To that end, KIST, the Korea Anti-Doping Agency (KADA) and the PyeongChang Organizing Committee will work together to run a total of 2,500 doping tests - 700 blood tests and 1,800 urine tests - during the Olympics.

The PyeongChang Organizing Committee will be in charge of gathering samples from athletes and numbering the B sample bottles and A sample bottles. The BEREG-KIT Geneva security bottles, which use a special security closure system and were implemented at the 2016 Rio Olympics, will also be used at PyeongChang with about 1,000 employees from professional doping inspection organizations to be deployed for collecting samples.

As for the transportation of the bottles, Korean soldiers will be in charge of guarding and moving the samples to KIST’s Doping Control Center in Seungbuk District, northern Seoul. One soldier will be assigned to drive the vehicle while another will be tasked with guarding the samples.

But it doesn’t stop there.

To monitor the vehicle, tracking devices will be installed for additional security.

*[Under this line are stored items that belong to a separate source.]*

(* For each $i=1,\dots,n$, the function $x\mapsto W^{z^\ast}(x,c_i)$ is continuously differentiable on $(0,\infty)$. Moreover, if $z^\ast(c_i)>0$, then the right second derivative at $z^\ast(c_i)$ is at least the left one: $\partial_{xx}W^{z^\ast}(z^\ast(c_i)^+,c_i)\ge\partial_{xx}W^{z^\ast}(z^\ast(c_i)^-,c_i)$.
   Context: Let $\mu\in\mathbb R$, $\sigma>0$, $q>0$, $\Lambda>0$ and $S=\{c_0,c_1,\dots,c_n\}$ with $0=c_0<c_1<\dots<c_n$. For $c\ge0$, $\theta_1(c)=\frac{c-\mu-\sqrt{(c-\mu)^2+2q\sigma^2}}{\sigma^2}<0$. Define recursively $W^{z^\ast}(x,c_0)=\frac{\Lambda}{q}(1-e^{\theta_1(0)x})$ for $x\ge0$, and for $i\ge1$: $G_i(y)=\Big(1-\frac{q}{c_i+\Lambda}W^{z^\ast}(y,c_{i-1})\Big)e^{-\theta_1(c_i)y}$ for $y\ge0$, $z^\ast(c_i)=\min\big(\arg\min_{y\ge0}G_i(y)\big)$, $a^\ast(c_i)=G_i(z^\ast(c_i))$, and $W^{z^\ast}(x,c_i)=W^{z^\ast}(x,c_{i-1})$ for $0\le x\le z^\ast(c_i)$, $W^{z^\ast}(x,c_i)=\frac{c_i+\Lambda}{q}\big(1-a^\ast(c_i)e^{\theta_1(c_i)x}\big)$ for $x>z^\ast(c_i)$. (This is the value of the optimal multi-threshold emission strategy.) *)

theory Defs
  imports "HOL-Analysis.Analysis"
begin

definition theta1 :: "real \<Rightarrow> real \<Rightarrow> real \<Rightarrow> real \<Rightarrow> real" where
  "theta1 mu sg q cc = (cc - mu - sqrt ((cc - mu)^2 + 2 * q * sg^2)) / sg^2"

definition Gfun :: "real \<Rightarrow> real \<Rightarrow> real \<Rightarrow> real \<Rightarrow> (nat \<Rightarrow> real) \<Rightarrow> (real \<Rightarrow> real) \<Rightarrow> nat \<Rightarrow> real \<Rightarrow> real" where
  "Gfun mu sg q Lam c Wprev i y =
     (1 - q / (c i + Lam) * Wprev y) * exp (- theta1 mu sg q (c i) * y)"

definition argmin_min :: "(real \<Rightarrow> real) \<Rightarrow> real" where
  "argmin_min G = Inf {y. 0 \<le> y \<and> (\<forall>y'. 0 \<le> y' \<longrightarrow> G y \<le> G y')}"

text \<open>Wz ... i = the function x \<mapsto> W^{z*}(x, c_i).\<close>
fun Wz :: "real \<Rightarrow> real \<Rightarrow> real \<Rightarrow> real \<Rightarrow> (nat \<Rightarrow> real) \<Rightarrow> nat \<Rightarrow> real \<Rightarrow> real" where
  "Wz mu sg q Lam c 0 = (\<lambda>x. Lam / q * (1 - exp (theta1 mu sg q 0 * x)))"
| "Wz mu sg q Lam c (Suc i) =
     (let G = Gfun mu sg q Lam c (Wz mu sg q Lam c i) (Suc i);
          z = argmin_min G;
          a = G z
      in (\<lambda>x. if x \<le> z then Wz mu sg q Lam c i x
              else (c (Suc i) + Lam) / q * (1 - a * exp (theta1 mu sg q (c (Suc i)) * x))))"

definition zstar :: "real \<Rightarrow> real \<Rightarrow> real \<Rightarrow> real \<Rightarrow> (nat \<Rightarrow> real) \<Rightarrow> nat \<Rightarrow> real" where
  "zstar mu sg q Lam c i = argmin_min (Gfun mu sg q Lam c (Wz mu sg q Lam c (i - 1)) i)"

end

theory Submission
  imports Defs
begin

Once they are transferred to the center, KIST will analyze the samples using 158 analysts on rotating shifts three times every 24 hours. Upon arrival, A sample bottles will be analyzed immediately, whereas B bottles will be stored in the freezer and later compared to the A samples in the case of a positive test ? if the second sample fails to confirm it, false positives can therefore be avoided.

KIST will also be surveilled 24 hours a day by CCTV to prevent the tampering of samples.

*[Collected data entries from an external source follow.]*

lemma T_pos_pos:
  assumes "p1 \<ge> 1" "p2 \<ge> 1" "m \<ge> 1" "r \<ge> 1"
  shows "T (int p1) (int p2) m 1 r =
        (\<Sum>i=2..m. (-1) ^ (m - i) / real r ^ (m - i + 1) * Sppp p1 p2 i)
      + (-1) ^ (m - 1) / real r ^ m * (Spp p1 (p2 + 1) + Spp p2 (p1 + 1))
      - (-1) ^ (m - 1) / real r ^ m * zeta_nat (p1 + p2 + 1)
      + (-1) ^ (m - 1) / real r ^ m * (\<Sum>b=1..r-1. S (int p1) p2 1 b)
      + (-1) ^ (m - 1) / real r ^ m *
          ((\<Sum>b=1..r-1. S (int p2) p1 1 b) - (\<Sum>b=1..r-1. S 0 (p1 + p2 + 1) 1 b))"
proof -
  define a where "a n = harm (int p1) (Suc n) * harm (int p2) (Suc n)" for n
  define c where "c i = (-1) ^ (m - i) / real r ^ (m - i + 1)" for i
  define d where "d = (-1) ^ (m - 1) / real r ^ m"
  define F where "F k = S (int p1) p2 1 k + S (int p2) p1 1 k - S 0 (p1 + p2 + 1) 1 k" for k
  have expand: "a n / (real (Suc n) ^ m * real (Suc n + r) ^ 1) =
      (\<Sum>i=2..m. c i * (a n / real (Suc n) ^ i)) +
      d * (\<Sum>k<r. a n / (real (Suc n + k) * real (Suc n + k + 1)))" for n
  proof -
    have "a n / (real (Suc n) ^ m * real (Suc n + r) ^ 1) =
        a n * (1 / (real (Suc n) ^ m * (real (Suc n) + real r)))"
      by simp
    also have "\<dots> = a n * ((\<Sum>i=2..m. c i * (1 / real (Suc n) ^ i)) +
        d * (\<Sum>k<r. 1 / ((real (Suc n) + real k) * (real (Suc n) + real k + 1))))"
      unfolding c_def d_def using assms by (subst one_div_power_mult_add_consecutive) auto
    finally show ?thesis
      by (simp add: sum_distrib_left algebra_simps)
  qed
  have "(\<lambda>n. (\<Sum>i=2..m. c i * (a n / real (Suc n) ^ i)) +
      d * (\<Sum>k<r. a n / (real (Suc n + k) * real (Suc n + k + 1)))) sums
    ((\<Sum>i=2..m. c i * Sppp p1 p2 i) + d * (\<Sum>k<r. F k))"
  proof (intro sums_add sums_sum sums_mult)
    show "(\<lambda>n. a n / real (Suc n) ^ i) sums Sppp p1 p2 i" if "i \<in> {2..m}" for i
      unfolding a_def Sppp_def using assms that
      by (intro summable_sums summable_harm_mult_harm_div) (auto intro: power_increasing)
    show "(\<lambda>n. a n / (real (Suc n + k) * real (Suc n + k + 1))) sums F k" for k
      unfolding a_def F_def using assms
      by (subst suminf_harm_mult_harm_div_consecutive[symmetric])
        (auto intro!: summable_sums summable_harm_mult_harm_div mult_mono simp: power2_eq_square)
  qed
  then have "T (int p1) (int p2) m 1 r = (\<Sum>i=2..m. c i * Sppp p1 p2 i) + d * (\<Sum>k<r. F k)"
    unfolding T_def a_def[symmetric] expand by (rule sums_unique[symmetric])
  also have "(\<Sum>k<r. F k) = F 0 + (\<Sum>b=1..r-1. F b)"
  proof -
    have "{..<r} = insert 0 {1..r-1}"
      using assms(4) by auto
    then show ?thesis by simp
  qed
  also have "F 0 = Spp p1 (p2 + 1) + Spp p2 (p1 + 1) - zeta_nat (p1 + p2 + 1)"
    unfolding F_def S_one_zero_eq_Spp S_zero_one_zero_eq_zeta_nat ..
  also have "(\<Sum>b=1..r-1. F b) = (\<Sum>b=1..r-1. S (int p1) p2 1 b) +
      ((\<Sum>b=1..r-1. S (int p2) p1 1 b) - (\<Sum>b=1..r-1. S 0 (p1 + p2 + 1) 1 b))"
    unfolding F_def by (simp add: sum.distrib sum_subtractf)
  finally show ?thesis
    unfolding c_def[symmetric] d_def[symmetric] by (simp add: algebra_simps)
qed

Security at the lab will also be top-notch.

To enter the lab, two people must scan their fingerprints at the same time, and they will only be permitted to stay for 10 minutes. Guards from the World Anti-Doping Agency (WADA) will be used to monitor the entire process.

“We will cooperate with agencies working with IOC and carry out the tests with the upmost security to prevent blood doping and other doping schemes,” said Seo Min-jung, head of the doping control team for the PyeongChang Organizing Committee. “PyeongChang will have the cleanest record.”